Oasis has been engaging with Hokuetsu since 2019 in an effort to
help improve the Company’s corporate governance and corporate
value. However, Oasis firmly believes that CEO & President
Sekio Kishimoto’s poor leadership and a lack of oversight by the
Company’s current independent directors are holding Hokuetsu back
from achieving its full potential.
Mr. Kishimoto and Hokuetsu’s independent directors have a long
track record of governance and business management missteps,
including:
- A long history of failure to realize synergies with Daio Paper
Corp. (“Daio”) and refusal to sell Hokuetsu’s strategic
shareholdings, incurring significant economic loss;
- Announcing a Strategic Alliance with Daio, of which the
economic benefits to the Company are only nominal due to regulatory
constraints and the inherent conflict of interests between the two
parties;
- Overseeing subpar Company performance during extremely long
tenures; and
- Failure to implement effective and meaningful corporate
governance, as demonstrated in the reinstatement of a poison pill
to protect their vested interests.
Therefore, we urge fellow shareholders to act now to hold
management accountable, improve corporate governance, and help
build a better Hokuetsu by voting FOR Oasis’s proposals at the upcoming AGM:
- Dismissal of Mr.
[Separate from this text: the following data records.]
lemma two_choice_weighted_gain:
  fixes p b m g :: "nat \<Rightarrow> real"
  assumes sel: "smaller_choice n b sel"
    and p: "\<forall>i<n. p i \<ge> 0" "(\<Sum>i<n. p i) = 1"
    and p_lower: "\<And>k. k < n \<Longrightarrow> m k / (\<alpha> * N) \<le> p k"
    and m: "\<And>k. k < n \<Longrightarrow> m k \<ge> 0" and N: "N > 0"
    and \<mu>: "0 \<le> \<mu>" and \<alpha>: "\<alpha> \<ge> 1" "4/5 + \<mu> \<le> 1 / \<alpha>\<^sup>2"
    and g: "\<And>k. k < n \<Longrightarrow> g k \<ge> 0"
    and g_antimono: "\<And>k l. k < n \<Longrightarrow> l < n \<Longrightarrow> g l < g k \<Longrightarrow> b k < b l"
    and weight: "(\<Sum>k\<in>{k\<in>{..<n}. 0 < g k}. m k) \<le> 3/4 * N"
  shows "(1 + \<mu>) * (\<Sum>k<n. m k * g k) \<le> N * (\<Sum>i<n. \<Sum>j<n. p i * p j * g (sel i j))"
proof -
  define I where "I = ({..<n} \<times> {..<n}) <+> {..<n}"
  define c where "c = case_sum (\<lambda>(i, j). N * (p i * p j)) (\<lambda>k. - (1 + \<mu>) * m k)"
  define G where "G = case_sum (\<lambda>(i, j). g (sel i j)) g"
  have sum_I: "(\<Sum>x\<in>I. h x) = (\<Sum>i<n. \<Sum>j<n. h (Inl (i, j))) + (\<Sum>k<n. h (Inr k))"
    for h :: "(nat \<times> nat) + nat \<Rightarrow> real"
    unfolding I_def by (simp add: sum.Plus sum.cartesian_product)
  have c_simps: "c (Inl (i, j)) = N * (p i * p j)" "c (Inr k) = - (1 + \<mu>) * m k" for i j k
    unfolding c_def by simp_all
  have G_simps: "G (Inl (i, j)) = g (sel i j)" "G (Inr k) = g k" for i j k
    unfolding G_def by simp_all
  have "0 \<le> (\<Sum>x\<in>I. c x * G x)"
  proof (rule sum_mult_nonneg_by_superlevel_sets)
    show "finite I"
      unfolding I_def by simp
    show "0 \<le> G x" if "x \<in> I" for x
      using that g smaller_choice_less[OF sel] unfolding I_def G_def by (auto split: sum.split)
  next
    fix t :: real
    assume "t > 0"
    define A where "A = {k\<in>{..<n}. t \<le> g k}"
    have "(\<Sum>k\<in>A. m k) \<le> (\<Sum>k\<in>{k\<in>{..<n}. 0 < g k}. m k)"
      unfolding A_def using \<open>t > 0\<close> m by (intro sum_mono2) auto
    then have "(1 + \<mu>) * (\<Sum>k\<in>A. m k) \<le> N * (\<Sum>i<n. \<Sum>j<n. if sel i j \<in> A then p i * p j else 0)"
      using sel p p_lower m N \<mu> \<alpha> weight g_antimono
      by (intro two_choice_lower_set_gain[where b = b]) (auto simp: A_def)
    moreover have "(\<Sum>x\<in>{x\<in>I. t \<le> G x}. c x)
        = N * (\<Sum>i<n. \<Sum>j<n. if sel i j \<in> A then p i * p j else 0) + - (1 + \<mu>) * (\<Sum>k\<in>A. m k)"
    proof -
      have "(\<Sum>x\<in>{x\<in>I. t \<le> G x}. c x) = (\<Sum>x\<in>I. if t \<le> G x then c x else 0)"
        by (rule sum.inter_filter) (simp add: I_def)
      also have "\<dots> = (\<Sum>i<n. \<Sum>j<n. if t \<le> g (sel i j) then N * (p i * p j) else 0)
          + (\<Sum>k<n. if t \<le> g k then - (1 + \<mu>) * m k else 0)"
        unfolding sum_I c_simps G_simps ..
      also have "(\<Sum>i<n. \<Sum>j<n. if t \<le> g (sel i j) then N * (p i * p j) else 0)
          = N * (\<Sum>i<n. \<Sum>j<n. if sel i j \<in> A then p i * p j else 0)"
        unfolding sum_distrib_left by (intro sum.cong) (auto simp: A_def smaller_choice_less[OF sel])
      also have "(\<Sum>k<n. if t \<le> g k then - (1 + \<mu>) * m k else 0) = - (1 + \<mu>) * (\<Sum>k\<in>A. m k)"
        unfolding A_def sum.inter_filter[OF finite_lessThan] sum_distrib_left by (intro sum.cong) auto
      finally show ?thesis .
    qed
    ultimately show "0 \<le> (\<Sum>x\<in>{x\<in>I. t \<le> G x}. c x)"
      by linarith
  qed
  also have "(\<Sum>x\<in>I. c x * G x)
      = N * (\<Sum>i<n. \<Sum>j<n. p i * p j * g (sel i j)) + - (1 + \<mu>) * (\<Sum>k<n. m k * g k)"
    unfolding sum_I c_simps G_simps sum_distrib_left by (simp only: mult.assoc)
  finally show ?thesis
    by linarith
qed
Kishimoto as a director
- Dismissal of Mr. Iwata, Mr. Nakase, Mr. Kuramoto and Ms. Nihei
as independent directors
- Election of five highly qualified, truly independent, and
diverse independent director candidates (Ms. Shiba, Mr. Nysten, Mr.
Nakajima, Mr. Baisley and Mr. Watanabe)
- Introduction of a new compensation plan for the independent
directors:
- Determination of individual base remuneration for independent
directors
- Determination of remuneration for granting restricted stock to
independent directors
Background – Corporate Governance
Failures at Hokuetsu
We believe the Company’s corporate governance framework has been
rendered ineffective by Mr. Kishimoto’s effective control over the
board. The independent directors have failed to provide appropriate
oversight, and thus have failed in their duty to hold him
accountable for his track record of shortcomings during his 16-year
tenure as CEO and President.
These governance shortcomings are perhaps best exemplified by
the Company’s December 2023 reinstatement of a poison pill aimed at
preventing Daio Kaiun from increasing its stake. Hokuetsu had
previously abolished its poison pill in June 2022.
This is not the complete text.